私が生きてきたこの70年は激動の時代だったと思います。私は太平洋戦争終戦後の動乱期に生まれました。私の父は戦時中、満州の鴨緑江ダム建設の技術者として働き、引揚者として帰ってきました。

日本に帰ってきてしばらくして、ダム建設時代の同僚数人が東京で新しく会社を立ち上げるので一緒にやろうと誘われたようですが、都会があまり好きではなかった父はそれを断って、田舎へ田舎へ引っ込みました。

もし、父が東京行きを選んでいたら私は東京生まれの東京育ち、大きな会社勤めの父を持つお坊ちゃん?なんてこともあったかもしれませんが、実は父の田舎好きのせいで、種子島生まれの屋久島育ちという田舎暮らしを強いられ?ました。

しかし、もし東京で育っていたら小学校、中学校、高校、大学と全く違う環境で、全く違う仲間たちと付き合い、今と全く違う生活を送っていたかもしれません。

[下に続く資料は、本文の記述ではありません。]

(* In the two-state model with $\delta(t)=\tfrac12e^{-t}+\tfrac12e^{-2t}$, $g_1(a)=-a^2$, and $g_2(b)=\frac{193}{144}+\frac56b$ for $b<\frac7{12}$, $g_2(b)=2-(1-b)^2$ for $b\ge\frac7{12}$: (i) $Q^*\sim(5/12,7/12)$ is a weak equilibrium but not a strong equilibrium; indeed, for every $b\in[0,7/12)$ and $Q\sim(5/12,b)$, one has $F(2,Q^* )<F(2,Q\otimes_\varepsilon Q^* )$ for all sufficiently small $\varepsilon>0$. (ii) The equation $2a=\frac12\big(\frac1{1+a}+\frac1{2+a}\big)\big(a^2+\frac{193}{144}\big)$ has a unique solution $\bar a\in[0,\infty)$, it satisfies $2\bar a\ge\frac56$, and $\bar Q^*\sim(\bar a,0)$ is a strong equilibrium.
   Context: Two-state model: $S=\{1,2\}$, admissible rows unrestricted ($D_i=E_i$), so every admissible generator has the form $Q=\begin{pmatrix}-a&a\\ b&-b\end{pmatrix}$ with $a,b\ge0$, written $Q\sim(a,b)$. The payoff is $f(t,1,(-a,a))=\delta(t)g_1(a)$ and $f(t,2,(b,-b))=\delta(t)g_2(b)$. $X$ is a continuous-time Markov chain with generator $Q$; $F(i,Q)=\mathbb E_{i,Q}[\int_0^\infty f(t,X_t,Q_{X_t})dt]$. $Q\otimes_\varepsilon Q'$: generator $Q$ on $[0,\varepsilon]$, then $Q'$ on $(\varepsilon,\infty)$, with expected payoff $F(i,Q\otimes_\varepsilon Q')$. $Q^*$ is a weak equilibrium if $\liminf_{\varepsilon\downarrow0}\varepsilon^{-1}(F(i,Q^* )-F(i,Q\otimes_\varepsilon Q^* ))\ge0$ for all admissible $Q$ and $i\in S$; a strong equilibrium if for every $i,Q$ there is $\varepsilon>0$ with $F(i,Q^* )\ge F(i,Q\otimes_{\varepsilon'}Q^* )$ for all $0<\varepsilon'\le\varepsilon$. *)

theory Defs
  imports "HOL-Analysis.Analysis"
begin

text \<open>Two-state model, states 1 and 2 (as naturals).  An admissible generator
  Q = ((-a, a), (b, -b)) with a, b \<ge> 0 is represented by the pair (a, b).\<close>

type_synonym gen = "real \<times> real"

definition admissible :: "gen \<Rightarrow> bool" where
  "admissible Q \<longleftrightarrow> fst Q \<ge> 0 \<and> snd Q \<ge> 0"

definition states :: "nat set" where
  "states = {1, 2}"

text \<open>Transition probabilities P_ij(t) = (exp (t Q))_ij of the continuous-time Markov
  chain with generator Q ~ (a,b).  (When a + b = 0 the chain is constant; the formula
  then gives the identity since x / 0 = 0.)\<close>
definition trans :: "gen \<Rightarrow> real \<Rightarrow> nat \<Rightarrow> nat \<Rightarrow> real" where
  "trans Q t i j =
     (let a = fst Q; b = snd Q; p12 = a * (1 - exp (- (a + b) * t)) / (a + b);
          p21 = b * (1 - exp (- (a + b) * t)) / (a + b)
      in if i = 1 then (if j = 1 then 1 - p12 else p12)
         else (if j = 1 then p21 else 1 - p21))"

definition rate :: "(real \<Rightarrow> real) \<Rightarrow> (real \<Rightarrow> real) \<Rightarrow> gen \<Rightarrow> nat \<Rightarrow> real" where
  "rate g1 g2 Q j = (if j = 1 then g1 (fst Q) else g2 (snd Q))"

text \<open>F(i,Q) = E_{i,Q}[ \<integral>_0^\<infinity> \<delta>(t) g_{X_t}(Q_{X_t}) dt ].\<close>
definition F :: "(real \<Rightarrow> real) \<Rightarrow> (real \<Rightarrow> real) \<Rightarrow> (real \<Rightarrow> real) \<Rightarrow> nat \<Rightarrow> gen \<Rightarrow> real" where
  "F \<delta> g1 g2 i Q =
     (LBINT t:{0..}. \<delta> t * (\<Sum>j\<in>states. trans Q t i j * rate g1 g2 Q j))"

text \<open>F(i, Q \<otimes>_\<epsilon> Q'): generator Q on [0,\<epsilon>], then Q' on (\<epsilon>,\<infinity>).\<close>
definition Fsw :: "(real \<Rightarrow> real) \<Rightarrow> (real \<Rightarrow> real) \<Rightarrow> (real \<Rightarrow> real) \<Rightarrow> nat \<Rightarrow> gen \<Rightarrow> real \<Rightarrow> gen \<Rightarrow> real" where
  "Fsw \<delta> g1 g2 i Q \<epsilon> Q' =
     (LBINT t:{0..\<epsilon>}. \<delta> t * (\<Sum>j\<in>states. trans Q t i j * rate g1 g2 Q j))
   + (LBINT t:{\<epsilon><..}. \<delta> t * (\<Sum>k\<in>states. \<Sum>j\<in>states.
          trans Q \<epsilon> i k * trans Q' (t - \<epsilon>) k j * rate g1 g2 Q' j))"

definition weak_eq :: "(real \<Rightarrow> real) \<Rightarrow> (real \<Rightarrow> real) \<Rightarrow> (real \<Rightarrow> real) \<Rightarrow> gen \<Rightarrow> bool" where
  "weak_eq \<delta> g1 g2 Qs \<longleftrightarrow>
     (\<forall>Q i. admissible Q \<longrightarrow> i \<in> states \<longrightarrow>
        Liminf (at_right 0) (\<lambda>\<epsilon>. ereal ((F \<delta> g1 g2 i Qs - Fsw \<delta> g1 g2 i Q \<epsilon> Qs) / \<epsilon>)) \<ge> 0)"

definition strong_eq :: "(real \<Rightarrow> real) \<Rightarrow> (real \<Rightarrow> real) \<Rightarrow> (real \<Rightarrow> real) \<Rightarrow> gen \<Rightarrow> bool" where
  "strong_eq \<delta> g1 g2 Qs \<longleftrightarrow>
     (\<forall>Q i. admissible Q \<longrightarrow> i \<in> states \<longrightarrow>
        (\<exists>\<epsilon>>0. \<forall>\<epsilon>'. 0 < \<epsilon>' \<and> \<epsilon>' \<le> \<epsilon> \<longrightarrow> F \<delta> g1 g2 i Qs \<ge> Fsw \<delta> g1 g2 i Q \<epsilon>' Qs))"

end

theory Submission
  imports Defs
begin

text \<open>
  With the discount \<open>\<delta>(t) = (e\<^sup>-\<^sup>t + e\<^sup>-\<^sup>2\<^sup>t)/2\<close> all payoffs of the two-state chain are explicit
  exponential sums, and so is \<open>\<epsilon> \<mapsto> F(i, Q \<otimes>\<^sub>\<epsilon> Q')\<close>.  At \<open>\<epsilon> = 0\<close> it equals \<open>F(i, Q')\<close>, and its
  derivative there is the Hamiltonian gap \<open>H(Q)\<^sub>i - H(Q')\<^sub>i\<close> with
  \<open>H(Q)\<^sub>i = g\<^sub>i(Q\<^sub>i) + \<Sum>\<^sub>j Q\<^sub>i\<^sub>j F(j, Q')\<close>.  So maximising the Hamiltonian gives a weak equilibrium,
  and where the maximiser is not unique the sign of the second derivative decides.

  For \<open>Q\<^sup>* = (5/12, 7/12)\<close> one finds \<open>F(2, Q\<^sup>*) - F(1, Q\<^sup>*) = 5/6\<close>, so \<open>H\<^sub>1 = 5x/6 - x\<^sup>2\<close> and
  \<open>H\<^sub>2 = g\<^sub>2(y) - 5y/6\<close> are maximal at \<open>Q\<^sup>*\<close>; but \<open>H\<^sub>2\<close> is constant on \<open>[0, 7/12]\<close>, and there the
  second derivative is \<open>(7/12 - b)/12 > 0\<close>.  For \<open>Q = (a, 0)\<close> the equation for \<open>a\<close> says exactly
  \<open>2a = F(2, Q) - F(1, Q)\<close>, so \<open>H\<^sub>1 = 2ax - x\<^sup>2\<close> has the strict maximiser \<open>a\<close> and
  \<open>H\<^sub>2 = g\<^sub>2(y) - 2ay\<close> the strict maximiser \<open>0\<close>, because \<open>2a > 5/6\<close>.  The deviation \<open>(a, y)\<close>,
  \<open>y > 0\<close>, leaves \<open>H\<^sub>1\<close> unchanged, but seen from state 1 its second derivative is
  \<open>-a (193/144 - g\<^sub>2(y) + 2ay) < 0\<close>.
\<close>

section \<open>Exponential sums\<close>

definition exp_sum :: "(real \<times> real) list \<Rightarrow> real \<Rightarrow> real" where
  "exp_sum cs x = (\<Sum>(c, \<mu>)\<leftarrow>cs. c * exp (- \<mu> * x))"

一時は父が東京に行っていたら良かったのにと考えたこともありましたが、今までに関わった人たちや、現在の素敵な周りの人々を含む環境のことを考えると、やっぱりこっちの方が良かったな、父が良い判断をしてくれたと感謝しています。

さて、母は私が種子島で交通事故に遭いかけた話を何度かしてくれました。それは私が2歳ぐらいの時だと思います。家から道に飛び出し、走ってきた車の下に入り込み、履いていた長靴だけがポーンと外に跳んで、運転手が青くなって降りてきたというのです。

しかし、当時種子島では車と言っても馬車のことで、運転手(御者?)が震えながら馬車の下をのぞき込んでいると、私が馬の下から何にもなかったようにちょこちょこと這い出してきたというものでした。

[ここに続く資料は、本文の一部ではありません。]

text \<open>Write \<open>a = L\<^sub>i\<close>, \<open>b = L\<^sub>i\<^sub>+\<^sub>2\<close>, \<open>F = F\<^sub>k\<close>, \<open>G = F\<^sub>k\<^sub>-\<^sub>2\<close>. The Lucas identity
  \<open>L\<^sub>i\<^sub>+\<^sub>k = F b - G a\<close> makes the third generator \<open>c\<close> congruent to \<open>F b\<close> modulo \<open>a\<close>.
  Hence, for \<open>0 \<le> t < a\<close>, the least element of the semigroup generated by \<open>b\<close> and \<open>c\<close>
  in the residue class of \<open>t b\<close> is the weight \<open>b (t mod F) + c (t div F)\<close>, obtained by spending
  as many copies of \<open>c\<close> as possible. As \<open>b\<close> is invertible modulo \<open>a\<close>, these weights form an
  Apery set, and the Frobenius number is the largest weight minus \<open>a\<close> (Brauer--Shockley).
  The weight increases within each block of \<open>F\<close> consecutive \<open>t\<close>, and the block ends increase
  by \<open>c\<close>, so the maximum is attained at \<open>t = a - 1\<close> or at the end \<open>t = r F - 1\<close> of the
  last complete block; the case distinction compares these two.\<close>

definition representable :: "int \<Rightarrow> int \<Rightarrow> int \<Rightarrow> int \<Rightarrow> bool" where
  "representable a b c n \<longleftrightarrow> (\<exists>x y z. 0 \<le> x \<and> 0 \<le> y \<and> 0 \<le> z \<and> n = a * x + b * y + c * z)"

lemma finite_nonneg_solutions:
  assumes "\<forall>a \<in> set as. 0 < a"
  shows "finite {xs :: nat list. length xs = length as \<and> int (\<Sum>j<length as. as ! j * xs ! j) = n}"
    (is "finite ?S")
proof (rule finite_subset)
  show "?S \<subseteq> {xs. set xs \<subseteq> {..nat n} \<and> length xs = length as}"
  proof
    fix xs assume "xs \<in> ?S"
    then have len: "length xs = length as" and sum: "n = int (\<Sum>j<length as. as ! j * xs ! j)"
      by auto
    have "set xs \<subseteq> {..nat n}"
    proof (clarsimp simp: in_set_conv_nth len)
      fix j assume "j < length as"
      then have "0 < as ! j" using assms by simp
      then have "xs ! j \<le> as ! j * xs ! j" by simp
      also have "\<dots> \<le> (\<Sum>j<length as. as ! j * xs ! j)"
        using \<open>j < length as\<close> by (intro member_le_sum) auto
      finally show "xs ! j \<le> nat n" by (simp only: sum nat_int)
    qed
    with len show "xs \<in> {xs. set xs \<subseteq> {..nat n} \<and> length xs = length as}" by simp
  qed
  show "finite {xs. set xs \<subseteq> {..nat n} \<and> length xs = length as}"
    by (rule finite_lists_length_eq) simp
qed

私が3歳の時、私たち一家は屋久島に移転しました。屋久島は種子島よりさらに田舎で、一家が移転した時はまだ電気が通っていなかったということです。父は母にそのことを内緒にしていて、母は着いてから知らされびっくりしたと話していました。

私が小学校に上がる前の家はトイレが外にあり、用を足すためにはいったん下駄を履いて外に出なければなりませんでした。また、お風呂もなかったので父が庭に五右衛門風呂を作ってそこで入浴していました。かろうじて屋根がある程度で壁はありませんでした。

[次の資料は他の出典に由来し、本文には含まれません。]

lemma exp_le_Bernstein:
  fixes x :: real
  assumes "0 \<le> x" "x < 3"
  shows "exp x \<le> 1 + x + x^2 / (2 * (1 - x / 3))"
proof -
  define g where "g n = (if n < 2 then x^n / fact n else x^2 / 2 * (x / 3)^(n - 2))" for n
  have "(\<lambda>m. x^2 / 2 * (x / 3)^m) sums (x^2 / 2 * (1 / (1 - x / 3)))"
    using assms by (intro sums_mult geometric_sums) auto
  then have "(\<lambda>m. g (m + 2)) sums (x^2 / (2 * (1 - x / 3)))"
    by (simp add: g_def)
  then have "g sums (x^2 / (2 * (1 - x / 3)) + (\<Sum>i<2. g i))"
    by (rule iffD1[OF sums_iff_shift])
  then have G: "g sums (1 + x + x^2 / (2 * (1 - x / 3)))"
    by (simp add: g_def eval_nat_numeral algebra_simps)
  have E: "(\<lambda>n. x^n / fact n) sums exp x"
    using exp_converges[of x] by (simp add: divide_inverse mult.commute)
  \<comment> \<open>the exponential series is dominated termwise by a geometric series of ratio \<open>x/3\<close>\<close>
  have "x^n / fact n \<le> g n" for n
  proof (cases "n < 2")
    case False
    then obtain m where m: "n = m + 2"
      by (metis add.commute le_Suc_ex not_less)
    have "x^n / fact n \<le> x^n / (2 * 3^m)"
      using two_mult_three_power_le_fact[of m] assms m by (intro divide_left_mono) auto
    also have "\<dots> = x^2 / 2 * (x / 3)^m"
      by (simp add: m power_add power_divide power2_eq_square)
    finally show ?thesis
      using m by (simp add: g_def)
  qed (simp add: g_def)
  then show ?thesis
    using sums_le[OF _ E G] by blast
qed

lemma exp_le_quadratic_of_nonpos:
  fixes x :: real
  assumes "x \<le> 0"
  shows "exp x \<le> 1 + x + x^2 / 2"
proof -
  obtain t where "exp x = (\<Sum>m<3. x ^ m / fact m) + exp t / fact 3 * x ^ 3"
    using Maclaurin_exp_le[of x 3] by blast
  moreover have "exp t / fact 3 * x ^ 3 \<le> 0"
    using assms by (intro mult_nonneg_nonpos) (auto simp: power_le_zero_eq)
  ultimately show ?thesis
    by (simp add: eval_nat_numeral power2_eq_square)
qed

小学低学年時に川べりの公営住宅に引っ越しました。そこにはトイレはありましたが、そこにも水道はありませんでした。母たちは数軒先の井戸端で洗濯をし、洗い物をしていました。しかし、そこの井戸は海が近いので塩分が入って飲み水には使えません。そこで、私たちは学校が終わると近所の小学生と一緒に、小さなバケツや瓶をもって学校まで水くみに行きました。学校の水道も山の小川の水をホースで引いてきただけのもので、衛生面はどうだったかわかりません。

当時はまだ裸足で学校にくる子もたくさんいました。道にはまだ馬や牛が往来していたので、馬糞や牛の糞が落ちていて、踏んづけてしまうことがよくありました。「馬糞を踏んでしまった。」というと、「馬糞を踏んだら足が速くなるよ。牛の糞だったら遅くなるけど」なんていい加減なことを教えられ、半ば信じていました。

今、思うとこれらの一つ一つが得難い体験になっていて、田舎育ちで良かったとつくづく思います。もし高慢な私が都会で育っていたら、このような生活をしている人や、貧しい国の人々を見下げた目で見たかもしれないと思うと、神様は私にとって最善の道を備えてくださったと感謝しております。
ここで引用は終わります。